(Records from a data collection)
———

(* Consider the binary state-dependent channel with $\mathcal{X}=\mathcal{S}=\mathcal{Y}=\mathcal{Z}=\{0,1\}$, $P_S=\mathrm{Bernoulli}(p)$ with $p\in(0,\tfrac12)$, channel law $Y=Z=X\oplus S$ (modulo-2 addition), no-input symbol $x_0=0$, secret-key rate $R_K>0$, and no binding cost constraint (e.g. $b\equiv 0$). Then the covert capacities with causal and with noncausal CSI at the transmitter are $$C_{\mathrm{c}}=C_{\mathrm{nc}}=H_{\mathrm b}(p)=p\log\frac1p+(1-p)\log\frac1{1-p}.$$
   Context: A state-dependent discrete memoryless channel consists of finite alphabets $\mathcal{X},\mathcal{S},\mathcal{Y},\mathcal{Z}$, state PMF $P_S$ and channel law $P_{Y,Z|S,X}$; states $S^n$ are IID $\sim P_S$, known to the transmitter (causally: $X_i$ depends on $(M,K,S^i)$; noncausally: $X^n$ depends on $(M,K,S^n)$; in both cases possibly also on private randomness) but not to the receiver or warden. $Q_0(z)=\sum_s P_S(s)P_{Z|S,X}(z|s,x_0)$. Key $K$ uniform on $[1:2^{nR_K}]$ and message $M$ uniform on $[1:2^{nR}]$ are independent of each other and of $S^n$; the decoder maps $(Y^n,K)$ to $\hat M$. A rate $R$ is achievable if there are codes with $\limsup_n \mathrm{E}[\frac1n\sum_i b(X_i)]\le B$, $P(\hat M\neq M)\to0$ and $D(\widehat{P}_{Z^n}\|Q_0^{\times n})\to0$, where $\widehat{P}_{Z^n}$ is the warden's output distribution induced by the code; the covert capacity $C_{\mathrm{c}}$ (causal) or $C_{\mathrm{nc}}$ (noncausal) is the supremum of achievable rates. *)

theory Defs
  imports "HOL-Analysis.Analysis" "HOL-Library.Extended_Real"
begin

definition seqs :: "nat \<Rightarrow> 'a list set" where
  "seqs n = {xs. length xs = n}"

definition iid :: "('a \<Rightarrow> real) \<Rightarrow> 'a list \<Rightarrow> real" where
  "iid P xs = prod_list (map P xs)"

definition chan_n :: "('s \<Rightarrow> 'x \<Rightarrow> 'y \<Rightarrow> 'z \<Rightarrow> real) \<Rightarrow> 's list \<Rightarrow> 'x list \<Rightarrow> 'y list \<Rightarrow> 'z list \<Rightarrow> real" where
  "chan_n W s x y z = (\<Prod>i<length x. W (s!i) (x!i) (y!i) (z!i))"

definition num_msgs :: "nat \<Rightarrow> real \<Rightarrow> nat" where
  "num_msgs n R = nat \<lceil>2 powr (real n * R)\<rceil>"

definition num_keys :: "nat \<Rightarrow> real \<Rightarrow> nat" where
  "num_keys n RK = nat \<lfloor>2 powr (real n * RK)\<rfloor>"

text \<open>Stochastic encoder enc m k s x = P(X^n = x | M = m, K = k, S^n = s);
messages are 0..<Mn, keys 0..<Kn (private randomness is absorbed in the kernel).\<close>
definition valid_encoder :: "nat \<Rightarrow> nat \<Rightarrow> nat \<Rightarrow> (nat \<Rightarrow> nat \<Rightarrow> 's list \<Rightarrow> 'x list \<Rightarrow> real) \<Rightarrow> bool" where
  "valid_encoder n Mn Kn enc \<longleftrightarrow>
     (\<forall>m<Mn. \<forall>k<Kn. \<forall>s\<in>seqs n.
        (\<forall>x. 0 \<le> enc m k s x) \<and> (\<Sum>x\<in>seqs n. enc m k s x) = 1)"

text \<open>Causality: the law of X^i given (M,K,S^n) depends on S^n only through S^i.\<close>
definition causal_encoder :: "nat \<Rightarrow> nat \<Rightarrow> nat \<Rightarrow> (nat \<Rightarrow> nat \<Rightarrow> 's list \<Rightarrow> 'x list \<Rightarrow> real) \<Rightarrow> bool" where
  "causal_encoder n Mn Kn enc \<longleftrightarrow>
     (\<forall>m<Mn. \<forall>k<Kn. \<forall>s\<in>seqs n. \<forall>s'\<in>seqs n. \<forall>i\<le>n. take i s = take i s' \<longrightarrow>
        (\<forall>u\<in>seqs i. (\<Sum>x\<in>{x\<in>seqs n. take i x = u}. enc m k s x)
                   = (\<Sum>x\<in>{x\<in>seqs n. take i x = u}. enc m k s' x)))"

definition joint :: "('s \<Rightarrow> real) \<Rightarrow> ('s \<Rightarrow> 'x \<Rightarrow> 'y \<Rightarrow> 'z \<Rightarrow> real) \<Rightarrow> nat \<Rightarrow> nat
    \<Rightarrow> (nat \<Rightarrow> nat \<Rightarrow> 's list \<Rightarrow> 'x list \<Rightarrow> real)
    \<Rightarrow> nat \<Rightarrow> nat \<Rightarrow> 's list \<Rightarrow> 'x list \<Rightarrow> 'y list \<Rightarrow> 'z list \<Rightarrow> real" where
  "joint PS W Mn Kn enc m k s x y z =
     1 / (real Mn * real Kn) * iid PS s * enc m k s x * chan_n W s x y z"

definition err_prob :: "('s \<Rightarrow> real) \<Rightarrow> ('s \<Rightarrow> 'x \<Rightarrow> 'y \<Rightarrow> 'z \<Rightarrow> real) \<Rightarrow> nat \<Rightarrow> nat \<Rightarrow> nat
    \<Rightarrow> (nat \<Rightarrow> nat \<Rightarrow> 's list \<Rightarrow> 'x list \<Rightarrow> real) \<Rightarrow> ('y list \<Rightarrow> nat \<Rightarrow> nat) \<Rightarrow> real" where
  "err_prob PS W n Mn Kn enc dec =
     (\<Sum>m<Mn. \<Sum>k<Kn. \<Sum>s\<in>seqs n. \<Sum>x\<in>seqs n. \<Sum>y\<in>seqs n. \<Sum>z\<in>seqs n.
        joint PS W Mn Kn enc m k s x y z * (if dec y k \<noteq> m then 1 else 0))"

definition exp_cost :: "('s \<Rightarrow> real) \<Rightarrow> ('s \<Rightarrow> 'x \<Rightarrow> 'y \<Rightarrow> 'z \<Rightarrow> real) \<Rightarrow> ('x \<Rightarrow> real) \<Rightarrow> nat \<Rightarrow> nat \<Rightarrow> nat
    \<Rightarrow> (nat \<Rightarrow> nat \<Rightarrow> 's list \<Rightarrow> 'x list \<Rightarrow> real) \<Rightarrow> real" where
  "exp_cost PS W b n Mn Kn enc =
     (\<Sum>m<Mn. \<Sum>k<Kn. \<Sum>s\<in>seqs n. \<Sum>x\<in>seqs n. \<Sum>y\<in>seqs n. \<Sum>z\<in>seqs n.
        joint PS W Mn Kn enc m k s x y z * ((1 / real n) * (\<Sum>i<n. b (x!i))))"

definition warden_out :: "('s \<Rightarrow> real) \<Rightarrow> ('s \<Rightarrow> 'x \<Rightarrow> 'y \<Rightarrow> 'z \<Rightarrow> real) \<Rightarrow> nat \<Rightarrow> nat \<Rightarrow> nat
    \<Rightarrow> (nat \<Rightarrow> nat \<Rightarrow> 's list \<Rightarrow> 'x list \<Rightarrow> real) \<Rightarrow> 'z list \<Rightarrow> real" where
  "warden_out PS W n Mn Kn enc z =
     (\<Sum>m<Mn. \<Sum>k<Kn. \<Sum>s\<in>seqs n. \<Sum>x\<in>seqs n. \<Sum>y\<in>seqs n.
        joint PS W Mn Kn enc m k s x y z)"

definition Q0 :: "('s::finite \<Rightarrow> real) \<Rightarrow> ('s \<Rightarrow> 'x \<Rightarrow> 'y::finite \<Rightarrow> 'z \<Rightarrow> real) \<Rightarrow> 'x \<Rightarrow> 'z \<Rightarrow> real" where
  "Q0 PS W x0 z = (\<Sum>s\<in>UNIV. PS s * (\<Sum>y\<in>UNIV. W s x0 y z))"

definition rel_entropy :: "('a \<Rightarrow> real) \<Rightarrow> ('a \<Rightarrow> real) \<Rightarrow> 'a set \<Rightarrow> ereal" where
  "rel_entropy P Q A =
     (if \<exists>a\<in>A. P a > 0 \<and> Q a = 0 then \<infinity>
      else ereal (\<Sum>a\<in>A. if P a = 0 then 0 else P a * log 2 (P a / Q a)))"

text \<open>Covert achievability; causal = True for causal CSI, False for noncausal CSI.\<close>
definition covert_achievable :: "bool \<Rightarrow> ('s::finite \<Rightarrow> real) \<Rightarrow> ('s \<Rightarrow> 'x::finite \<Rightarrow> 'y::finite \<Rightarrow> 'z::finite \<Rightarrow> real)
    \<Rightarrow> 'x \<Rightarrow> ('x \<Rightarrow> real) \<Rightarrow> real \<Rightarrow> real \<Rightarrow> real \<Rightarrow> bool" where
  "covert_achievable causal PS W x0 b B RK R \<longleftrightarrow>
     (\<exists>(enc :: nat \<Rightarrow> nat \<Rightarrow> nat \<Rightarrow> 's list \<Rightarrow> 'x list \<Rightarrow> real) (dec :: nat \<Rightarrow> 'y list \<Rightarrow> nat \<Rightarrow> nat).
        (\<forall>n. valid_encoder n (num_msgs n R) (num_keys n RK) (enc n)
             \<and> (causal \<longrightarrow> causal_encoder n (num_msgs n R) (num_keys n RK) (enc n)))
      \<and> limsup (\<lambda>n. ereal (exp_cost PS W b n (num_msgs n R) (num_keys n RK) (enc n))) \<le> ereal B
      \<and> (\<lambda>n. err_prob PS W n (num_msgs n R) (num_keys n RK) (enc n) (dec n)) \<longlonglongrightarrow> 0
      \<and> (\<lambda>n. rel_entropy (warden_out PS W n (num_msgs n R) (num_keys n RK) (enc n))
                          (iid (Q0 PS W x0)) (seqs n)) \<longlonglongrightarrow> 0)"

definition covert_capacity :: "bool \<Rightarrow> ('s::finite \<Rightarrow> real) \<Rightarrow> ('s \<Rightarrow> 'x::finite \<Rightarrow> 'y::finite \<Rightarrow> 'z::finite \<Rightarrow> real)
    \<Rightarrow> 'x \<Rightarrow> ('x \<Rightarrow> real) \<Rightarrow> real \<Rightarrow> real \<Rightarrow> real" where
  "covert_capacity causal PS W x0 b B RK = Sup {R. covert_achievable causal PS W x0 b B RK R}"

text \<open>The binary example: True = 1, False = 0.\<close>
definition bern :: "real \<Rightarrow> bool \<Rightarrow> real" where
  "bern p s = (if s then p else 1 - p)"

definition xor_chan :: "bool \<Rightarrow> bool \<Rightarrow> bool \<Rightarrow> bool \<Rightarrow> real" where
  "xor_chan s x y z = (if y = (x \<noteq> s) \<and> z = (x \<noteq> s) then 1 else 0)"

definition Hb :: "real \<Rightarrow> real" where
  "Hb p = p * log 2 (1 / p) + (1 - p) * log 2 (1 / (1 - p))"

end

theory Submission
  imports Defs
begin

text \<open>Since Y = Z = X xor S, the warden observes exactly what the receiver observes.

  Converse: covertness makes the output law close to Q0^n = Bern(p)^n in relative entropy.
  At most exp(n b) outputs have Q0^n-probability at least exp(-n b), so they decode to at most
  that many messages; for b > H(p) the remaining outputs are exponentially rare under Q0^n
  (Chernoff bound), hence by a change of measure also rare under the code. Thus R <= Hb(p).

  Achievability: knowing the state, the transmitter can produce any output Z^n independent of
  S^n by sending X^n = Z^n xor S^n, even causally. For a < H(p) almost all Q0^n-mass lies on
  sequences of probability at most exp(-n a); a greedy partition of these into 2^(nR) < exp(n a)
  cells of almost equal mass gives the code in which message m draws Z^n from Q0^n restricted to
  cell m. Decoding is error-free, and the output law is at most Q0^n / (1 - eta_n) with
  eta_n --> 0.\<close>

lemma finite_seqs [simp]: "finite (seqs n :: 'a::finite list set)"
  unfolding seqs_def using finite_lists_length_eq[of "UNIV :: 'a set" n] by simp

lemma seqs_Suc: "seqs (Suc n) = (\<lambda>(a, z). a # z) ` (UNIV \<times> seqs n)"
  unfolding seqs_def by (auto simp: length_Suc_conv)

———

Please, from the entries above, set down exactly the lines from the one containing "(dec n)) \<longlonglongrightarrow> 0" through the one containing "(Chernoff bound), hence", and only those.

      \<and> (\<lambda>n. err_prob PS W n (num_msgs n R) (num_keys n RK) (enc n) (dec n)) \<longlonglongrightarrow> 0
      \<and> (\<lambda>n. rel_entropy (warden_out PS W n (num_msgs n R) (num_keys n RK) (enc n))
                          (iid (Q0 PS W x0)) (seqs n)) \<longlonglongrightarrow> 0)"

definition covert_capacity :: "bool \<Rightarrow> ('s::finite \<Rightarrow> real) \<Rightarrow> ('s \<Rightarrow> 'x::finite \<Rightarrow> 'y::finite \<Rightarrow> 'z::finite \<Rightarrow> real)
    \<Rightarrow> 'x \<Rightarrow> ('x \<Rightarrow> real) \<Rightarrow> real \<Rightarrow> real \<Rightarrow> real" where
  "covert_capacity causal PS W x0 b B RK = Sup {R. covert_achievable causal PS W x0 b B RK R}"

text \<open>The binary example: True = 1, False = 0.\<close>
definition bern :: "real \<Rightarrow> bool \<Rightarrow> real" where
  "bern p s = (if s then p else 1 - p)"

definition xor_chan :: "bool \<Rightarrow> bool \<Rightarrow> bool \<Rightarrow> bool \<Rightarrow> real" where
  "xor_chan s x y z = (if y = (x \<noteq> s) \<and> z = (x \<noteq> s) then 1 else 0)"

definition Hb :: "real \<Rightarrow> real" where
  "Hb p = p * log 2 (1 / p) + (1 - p) * log 2 (1 / (1 - p))"

end

theory Submission
  imports Defs
begin

text \<open>Since Y = Z = X xor S, the warden observes exactly what the receiver observes.

  Converse: covertness makes the output law close to Q0^n = Bern(p)^n in relative entropy.
  At most exp(n b) outputs have Q0^n-probability at least exp(-n b), so they decode to at most
  that many messages; for b > H(p) the remaining outputs are exponentially rare under Q0^n
  (Chernoff bound), hence by a change of measure also rare under the code. Thus R <= Hb(p).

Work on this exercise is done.